lemma hom_eq_prod_components:
  assumes F: "is_graph F" and G: "is_graph G"
  shows "hom F G = (\<Prod>S\<in>component_sets F. hom (induced F S) G)"
proof -
  let ?CS = "component_sets F"
  let ?split = "\<lambda>h. \<lambda>S\<in>?CS. restrict h S"
  let ?glue = "\<lambda>\<phi>. \<lambda>v\<in>verts F. \<phi> (comp_of F v) v"
  have comp_in: "comp_of F v \<in> ?CS" if "v \<in> verts F" for v
    using that by (simp add: component_sets_eq)
  have "bij_betw ?split (homs F G) (\<Pi>\<^sub>E S\<in>?CS. homs (induced F S) G)"
  proof (rule bij_betw_byWitness[where f' = ?glue])
    show "\<forall>h\<in>homs F G. ?glue (?split h) = h"
      using comp_in comp_of_self by (auto simp: fun_eq_iff homs_extensional)
    show "\<forall>\<phi>\<in>\<Pi>\<^sub>E S\<in>?CS. homs (induced F S) G. ?split (?glue \<phi>) = \<phi>"
    proof (intro ballI ext)
      fix \<phi> S v assume \<phi>: "\<phi> \<in> (\<Pi>\<^sub>E S\<in>?CS. homs (induced F S) G)"
      show "?split (?glue \<phi>) S v = \<phi> S v"
      proof (cases "S \<in> ?CS \<and> v \<in> S")
        case True
        then show ?thesis
          using component_set_eq_comp_of[OF F] component_set_subset[OF F] by auto
      next
        case outside: False
        show ?thesis
        proof (cases "S \<in> ?CS")
          case True
          with outside have "v \<notin> S" by blast
          have "\<phi> S \<in> homs (induced F S) G" using \<phi> True by blast
          then have "\<phi> S v = undefined" using homs_extensional \<open>v \<notin> S\<close> by (metis induced_verts)
          with True \<open>v \<notin> S\<close> show ?thesis by simp
        next
          case False
          then have "\<phi> S = undefined" using \<phi> by (simp add: PiE_def extensional_def)
          with False show ?thesis by simp
        qed
      qed
    qed
    show "?split ` homs F G \<subseteq> (\<Pi>\<^sub>E S\<in>?CS. homs (induced F S) G)"
      using component_set_subset[OF F] by (fastforce simp: homs_def)
    show "?glue ` (\<Pi>\<^sub>E S\<in>?CS. homs (induced F S) G) \<subseteq> homs F G"
      using glue_component_homs[OF F] by blast
  qed
  then have "hom F G = card (\<Pi>\<^sub>E S\<in>?CS. homs (induced F S) G)"
    unfolding hom_def by (rule bij_betw_same_card)
  also have "\<dots> = (\<Prod>S\<in>?CS. hom (induced F S) G)"
    unfolding hom_def by (rule card_PiE[OF finite_component_sets[OF F]])
  finally show ?thesis .
qed
lemma uniform_limit_if_cball_approx:
  fixes \<phi> :: "nat \<Rightarrow> 'a::real_normed_vector \<Rightarrow> 'b::metric_space"
  assumes approx: "\<And>n z. z \<in> cball 0 (real n) \<Longrightarrow> dist (\<phi> n z) (h z) < inverse (real (Suc n))"
    and "compact K"
  shows "uniform_limit K \<phi> h sequentially"
proof (rule uniform_limitI)
  fix e :: real assume "e > 0"
  obtain r where r: "\<And>z. z \<in> K \<Longrightarrow> norm z \<le> r"
    using compact_imp_bounded[OF \<open>compact K\<close>] unfolding bounded_iff by blast
  obtain N :: nat where "r \<le> real N"
    using real_arch_simple by blast
  have "\<forall>\<^sub>F n in sequentially. r \<le> real n"
    using eventually_ge_at_top[of N]
  proof (rule eventually_mono)
    fix n assume "N \<le> n"
    then show "r \<le> real n"
      using \<open>r \<le> real N\<close> of_nat_le_iff order_trans by meson
  qed
  moreover have "\<forall>\<^sub>F n in sequentially. inverse (real (Suc n)) < e"
    by (rule order_tendstoD(2)[OF LIMSEQ_inverse_real_of_nat \<open>e > 0\<close>])
  ultimately show "\<forall>\<^sub>F n in sequentially. \<forall>z\<in>K. dist (\<phi> n z) (h z) < e"
  proof eventually_elim
    case (elim n)
    show ?case
    proof
      fix z assume "z \<in> K"
      then have "z \<in> cball 0 (real n)"
        using r elim(1) by fastforce
      then show "dist (\<phi> n z) (h z) < e"
        using approx elim(2) by (meson order.strict_trans)
    qed
  qed
qed
(* Let $\lambda\in\mathcal P_\epsilon(N)$ and let $\mathbf i=(i_1,\dots,i_l)$ be an admissible sequence for $\lambda$; if $\epsilon=1$ assume in addition that $N-2\sum_{j=1}^l i_j\ne2$. Then $(i_{\sigma(1)},\dots,i_{\sigma(l)})$ is an admissible sequence for $\lambda$ for every permutation $\sigma$ of $\{1,\dots,l\}$.
   Context: $\mathcal P_\epsilon(N)$ ($\epsilon=\pm1$) is the set of partitions $\lambda=(\lambda_1\ge\dots\ge\lambda_n\ge1)$ of $N$ in which every part $m$ with $\epsilon(-1)^m=1$ occurs with even multiplicity; conventions $\lambda_0=0$, $\lambda_i=0$ for $i>n$. A 2-step of $\lambda$ is a pair $(i,i+1)$, $1\le i<n$, with $\epsilon(-1)^{\lambda_i}=\epsilon(-1)^{\lambda_{i+1}}=-1$, $\lambda_{i-1}\ne\lambda_i$, $\lambda_{i+1}\ne\lambda_{i+2}$; $\Delta(\lambda)$ is the set of 2-steps. KS algorithm: for $1\le i\le n$, Case 1 occurs at $i$ if $\lambda_i\ge\lambda_{i+1}+2$, and then $\lambda^{(i)}=(\lambda_1-2,\dots,\lambda_i-2,\lambda_{i+1},\dots,\lambda_n)$; Case 2 occurs at $i$ if $(i,i+1)\in\Delta(\lambda)$ and $\lambda_i=\lambda_{i+1}$, and then $\lambda^{(i)}=(\lambda_1-2,\dots,\lambda_{i-1}-2,\lambda_i-1,\lambda_{i+1}-1,\lambda_{i+2},\dots,\lambda_n)$; zero parts discarded, $\lambda^{(i)}\in\mathcal P_\epsilon(N-2i)$. A sequence $(i_1,\dots,i_l)$ is admissible for $\lambda$ if for each $k$ Case 1 or Case 2 occurs at $i_k$ for $\lambda^{(i_1,\dots,i_{k-1})}$, where $\lambda^\emptyset=\lambda$ and $\lambda^{(i_1,\dots,i_k)}=(\lambda^{(i_1,\dots,i_{k-1})})^{(i_k)}$. *)

theory Defs
  imports Main "HOL-Combinatorics.Permutations"
begin

text \<open>Partitions are represented as lists of naturals (lam!0 = lambda_1, ...).
  epsilon is an integer assumed to be 1 or -1.\<close>

definition in_P :: "int \<Rightarrow> nat \<Rightarrow> nat list \<Rightarrow> bool" where
  "in_P eps N lam \<longleftrightarrow> sorted_wrt (\<ge>) lam \<and> (\<forall>m\<in>set lam. m \<ge> 1) \<and> sum_list lam = N \<and>
     (\<forall>m\<in>set lam. eps * (-1) ^ m = 1 \<longrightarrow> even (count_list lam m))"

definition part :: "nat list \<Rightarrow> nat \<Rightarrow> nat" where
  "part lam i = (if i = 0 then 0 else if i \<le> length lam then lam ! (i - 1) else 0)"

definition two_step :: "int \<Rightarrow> nat list \<Rightarrow> nat \<Rightarrow> bool" where
  "two_step eps lam i \<longleftrightarrow> 1 \<le> i \<and> i < length lam \<and>
     eps * (-1) ^ part lam i = -1 \<and> eps * (-1) ^ part lam (i + 1) = -1 \<and>
     part lam (i - 1) \<noteq> part lam i \<and> part lam (i + 1) \<noteq> part lam (i + 2)"

definition case1 :: "nat list \<Rightarrow> nat \<Rightarrow> bool" where
  "case1 lam i \<longleftrightarrow> 1 \<le> i \<and> i \<le> length lam \<and> part lam i \<ge> part lam (i + 1) + 2"

definition case2 :: "int \<Rightarrow> nat list \<Rightarrow> nat \<Rightarrow> bool" where
  "case2 eps lam i \<longleftrightarrow> 1 \<le> i \<and> i \<le> length lam \<and> two_step eps lam i \<and> part lam i = part lam (i + 1)"

text \<open>lambda^(i); index j below is 0-based, i.e. the part lambda_(j+1).\<close>
definition ks_step :: "int \<Rightarrow> nat list \<Rightarrow> nat \<Rightarrow> nat list" where
  "ks_step eps lam i =
     (if case1 lam i then
        filter (\<lambda>x. 0 < x) (map (\<lambda>j. if j < i then lam ! j - 2 else lam ! j) [0..<length lam])
      else if case2 eps lam i then
        filter (\<lambda>x. 0 < x) (map (\<lambda>j. if j + 1 < i then lam ! j - 2
                                      else if j < i + 1 then lam ! j - 1 else lam ! j) [0..<length lam])
      else lam)"

fun admissible :: "int \<Rightarrow> nat list \<Rightarrow> nat list \<Rightarrow> bool" where
  "admissible eps lam [] = True"
| "admissible eps lam (i # is) =
     ((case1 lam i \<or> case2 eps lam i) \<and> admissible eps (ks_step eps lam i) is)"

end

theory Submission
  imports Defs
begin

text \<open>A partition is handled through its part function \<open>k \<mapsto> \<lambda>\<^sub>k\<close> (with \<open>\<lambda>\<^sub>0 = 0\<close>),
  which is antitone on \<open>k \<ge> 1\<close>. Both moves lower an initial segment of it pointwise (Case 1 by 2
  on \<open>[1, i]\<close>; Case 2 by 2 on \<open>[1, i - 1]\<close> and by 1 on \<open>{i, i + 1}\<close>), so as operations on
  functions any two moves commute. What remains is that if move \<open>j\<close> is possible after move
  \<open>i \<noteq> j\<close>, then move \<open>j\<close> is possible first and move \<open>i\<close> after it; this is a comparison of the
  parts near \<open>i\<close> and \<open>j\<close>, done separately for the four combinations of cases. Hence admissibility
  is preserved by adjacent transpositions, which generate all permutations.\<close>

definition partition_fun :: "(nat \<Rightarrow> nat) \<Rightarrow> bool" where
  "partition_fun p \<longleftrightarrow> p 0 = 0 \<and> antimono_on {1..} p"

lemma partition_funD: "partition_fun p \<Longrightarrow> 1 \<le> x \<Longrightarrow> x \<le> y \<Longrightarrow> p y \<le> p x"
  unfolding partition_fun_def monotone_on_def by auto

lemma partition_funI:
  "p 0 = 0 \<Longrightarrow> (\<And>x y. 1 \<le> x \<Longrightarrow> x \<le> y \<Longrightarrow> p y \<le> p x) \<Longrightarrow> partition_fun p"
  unfolding partition_fun_def monotone_on_def by auto

lemma partition_fun_pred: "partition_fun p \<Longrightarrow> p k \<le> p (k - 1) \<or> p (k - 1) = 0"
  unfolding partition_fun_def monotone_on_def by (cases "k \<le> 1") (auto simp: le_Suc_eq)

definition case1_fun :: "(nat \<Rightarrow> nat) \<Rightarrow> nat \<Rightarrow> bool" where
  "case1_fun p i \<longleftrightarrow> 1 \<le> i \<and> p (i + 1) + 2 \<le> p i"

text \<open>\<open>b\<close> is the parity of the parts of a 2-step (odd iff \<open>\<epsilon> = 1\<close>); \<open>1 \<le> a2\<close> encodes
  \<open>i < n\<close>.\<close>

definition two_step_window :: "bool \<Rightarrow> nat \<Rightarrow> nat \<Rightarrow> nat \<Rightarrow> nat \<Rightarrow> bool" where
  "two_step_window b a0 a1 a2 a3 \<longleftrightarrow>
     1 \<le> a2 \<and> odd a1 = b \<and> odd a2 = b \<and> a0 \<noteq> a1 \<and> a2 \<noteq> a3 \<and> a1 = a2"

definition case2_fun :: "bool \<Rightarrow> (nat \<Rightarrow> nat) \<Rightarrow> nat \<Rightarrow> bool" where
  "case2_fun b p i \<longleftrightarrow> 1 \<le> i \<and> two_step_window b (p (i - 1)) (p i) (p (i + 1)) (p (i + 2))"

definition step1_fun :: "(nat \<Rightarrow> nat) \<Rightarrow> nat \<Rightarrow> nat \<Rightarrow> nat" where
  "step1_fun p i k = (if k \<le> i then p k - 2 else p k)"

definition step2_fun :: "(nat \<Rightarrow> nat) \<Rightarrow> nat \<Rightarrow> nat \<Rightarrow> nat" where
  "step2_fun p i k = (if k < i then p k - 2 else if k \<le> i + 1 then p k - 1 else p k)"

definition ks_allowed :: "bool \<Rightarrow> (nat \<Rightarrow> nat) \<Rightarrow> nat \<Rightarrow> bool" where
  "ks_allowed b p i \<longleftrightarrow> case1_fun p i \<or> case2_fun b p i"
lemma least_of_finite_Union:
  assumes "trans r" and total: "\<forall>x\<in>(\<Union>i\<in>I. S i). \<forall>y\<in>(\<Union>i\<in>I. S i). (x, y) \<in> r \<or> (y, x) \<in> r"
    and "finite I" and least: "\<forall>i\<in>I. S i \<noteq> {} \<longrightarrow> (\<exists>m\<in>S i. \<forall>y\<in>S i. (m, y) \<in> r)"
    and "(\<Union>i\<in>I. S i) \<noteq> {}"
  shows "\<exists>m\<in>(\<Union>i\<in>I. S i). \<forall>y\<in>(\<Union>i\<in>I. S i). (m, y) \<in> r"
proof -
  define J where "J = {i \<in> I. S i \<noteq> {}}"
  have "\<forall>i\<in>J. \<exists>m. m \<in> S i \<and> (\<forall>y\<in>S i. (m, y) \<in> r)"
    using least unfolding J_def by blast
  from bchoice[OF this] obtain f where f: "\<forall>i\<in>J. f i \<in> S i \<and> (\<forall>y\<in>S i. (f i, y) \<in> r)"
    by blast
  have "f ` J \<subseteq> (\<Union>i\<in>I. S i)" using f unfolding J_def by blast
  then have "\<forall>x\<in>f ` J. \<forall>y\<in>f ` J. (x, y) \<in> r \<or> (y, x) \<in> r"
    using total by blast
  moreover have "finite (f ` J)" "f ` J \<noteq> {}"
    using \<open>finite I\<close> assms(5) unfolding J_def by auto
  ultimately obtain m where m: "m \<in> f ` J" "\<forall>y\<in>f ` J. (m, y) \<in> r"
    using finite_has_least[OF \<open>trans r\<close>] by blast
  have "\<forall>y\<in>(\<Union>i\<in>I. S i). (m, y) \<in> r"
  proof
    fix y assume "y \<in> (\<Union>i\<in>I. S i)"
    then obtain i where "i \<in> J" "y \<in> S i" unfolding J_def by blast
    then show "(m, y) \<in> r" using m(2) f \<open>trans r\<close> by (blast dest: transD)
  qed
  with m(1) f show ?thesis unfolding J_def by blast
qed

lemma path_total_on:
  assumes "is_path P" "S \<subseteq> Field P"
  shows "\<forall>x\<in>S. \<forall>y\<in>S. (x, y) \<in> P \<or> (y, x) \<in> P"
proof (intro ballI)
  fix x y assume "x \<in> S" "y \<in> S"
  then show "(x, y) \<in> P \<or> (y, x) \<in> P" using assms by (intro path_total) auto
qed

lemma path_finite_least:
  "is_path P \<Longrightarrow> finite S \<Longrightarrow> S \<subseteq> Field P \<Longrightarrow> S \<noteq> {} \<Longrightarrow> \<exists>m\<in>S. \<forall>y\<in>S. (m, y) \<in> P"
  by (rule finite_has_least[OF trans_path path_total_on])
lemma integral_rescale_unit_interval:
  fixes F :: "real \<Rightarrow> 'b::banach"
  assumes F: "continuous_on UNIV F" and t: "0 < t"
  shows "integral {0..t} F = t *\<^sub>R integral {0..1} (\<lambda>u. F (t * u))"
proof -
  have "(F has_integral integral {0..t} F) {0..t}"
    by (intro integrable_integral integrable_continuous_interval continuous_on_subset[OF F]) auto
  then have "((\<lambda>x. F (t *\<^sub>R x + 0)) has_integral (integral {0..t} F) /\<^sub>R t ^ DIM(real))
      (cbox ((0 - 0) /\<^sub>R t) ((t - 0) /\<^sub>R t))"
    by (intro has_integral_affinity_iff[OF t, THEN iffD2]) (simp add: cbox_interval)
  then have "((\<lambda>x. F (t * x)) has_integral (integral {0..t} F) /\<^sub>R t) {0..1}"
    using t by (simp add: cbox_interval)
  then show ?thesis
    using t by (simp add: integral_unique)
qed

lemma integral0_rescale:
  fixes F :: "real \<Rightarrow> 'b::banach"
  assumes F: "continuous_on UNIV F"
  shows "integral0 t F = t *\<^sub>R integral {0..1} (\<lambda>u. F (t * u))"
proof (cases t "0::real" rule: linorder_cases)
  case less
  have F': "continuous_on UNIV (\<lambda>x. F (- x))"
    by (intro continuous_on_compose2[OF F]) (auto intro: continuous_intros)
  have "(F has_integral integral {t..0} F) {t..0}"
    by (intro integrable_integral integrable_continuous_interval continuous_on_subset[OF F]) auto
  then have "integral {t..0} F = integral {0..-t} (\<lambda>x. F (- x))"
    by (subst (asm) has_integral_reflect_real[symmetric]) (simp add: integral_unique)
  also have "\<dots> = - (t *\<^sub>R integral {0..1} (\<lambda>u. F (t * u)))"
    using integral_rescale_unit_interval[OF F', of "-t"] less by simp
  finally show ?thesis
    using less by (simp add: integral0_def)
qed (simp_all add: integral0_def integral_rescale_unit_interval[OF F])

lemma integral0_eq_integral_diff:
  fixes F :: "real \<Rightarrow> 'b::banach"
  assumes F: "continuous_on UNIV F" and "a \<le> s" "a \<le> 0"
  shows "integral0 s F = integral {a..s} F - integral {a..0} F"
proof (cases "0 \<le> s")
  case True
  have "integral {a..0} F + integral {0..s} F = integral {a..s} F"
    using True assms by (intro Henstock_Kurzweil_Integration.integral_combine
        integrable_continuous_interval continuous_on_subset[OF F]) auto
  then show ?thesis
    using True by (simp add: integral0_def algebra_simps)
next
  case False
  have "integral {a..s} F + integral {s..0} F = integral {a..0} F"
    using False assms by (intro Henstock_Kurzweil_Integration.integral_combine
        integrable_continuous_interval continuous_on_subset[OF F]) auto
  then show ?thesis
    using False by (simp add: integral0_def algebra_simps)
qed

lemma has_vector_derivative_integral0:
  fixes F :: "real \<Rightarrow> 'b::banach"
  assumes F: "continuous_on UNIV F"
  shows "((\<lambda>s. integral0 s F) has_vector_derivative F t) (at t)"
proof -
  define R where "R = \<bar>t\<bar> + 1"
  have "((\<lambda>u. integral {-R..u} F) has_vector_derivative F t) (at t within {-R..R})"
    by (rule integral_has_vector_derivative) (auto simp: R_def intro: continuous_on_subset[OF F])
  then have "((\<lambda>u. integral {-R..u} F) has_vector_derivative F t) (at t within {-R<..<R})"
    by (rule has_vector_derivative_within_subset) auto
  then have "((\<lambda>u. integral {-R..u} F) has_vector_derivative F t) (at t)"
    by (subst (asm) has_vector_derivative_within_open) (auto simp: R_def)
  then have "((\<lambda>u. integral {-R..u} F - integral {-R..0} F) has_vector_derivative F t) (at t)"
    by (rule derivative_eq_intros) auto
  then show ?thesis
    by (rule has_vector_derivative_transform_within_open[of _ _ _ "{-R<..<R}"])
      (use integral0_eq_integral_diff[OF F, of "-R"] in \<open>auto simp: R_def\<close>)
qed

---------------

**Action item:**
Among the entries above, locate the lines containing "using r elim(1) by fastforce" and "(* Let $\lambda\in\mathcal", and transcribe exactly those two lines and all lines between.

**Answer below:**
        using r elim(1) by fastforce
      then show "dist (\<phi> n z) (h z) < e"
        using approx elim(2) by (meson order.strict_trans)
    qed
  qed
qed
(* Let $\lambda\in\mathcal P_\epsilon(N)$ and let $\mathbf i=(i_1,\dots,i_l)$ be an admissible sequence for $\lambda$; if $\epsilon=1$ assume in addition that $N-2\sum_{j=1}^l i_j\ne2$. Then $(i_{\sigma(1)},\dots,i_{\sigma(l)})$ is an admissible sequence for $\lambda$ for every permutation $\sigma$ of $\{1,\dots,l\}$.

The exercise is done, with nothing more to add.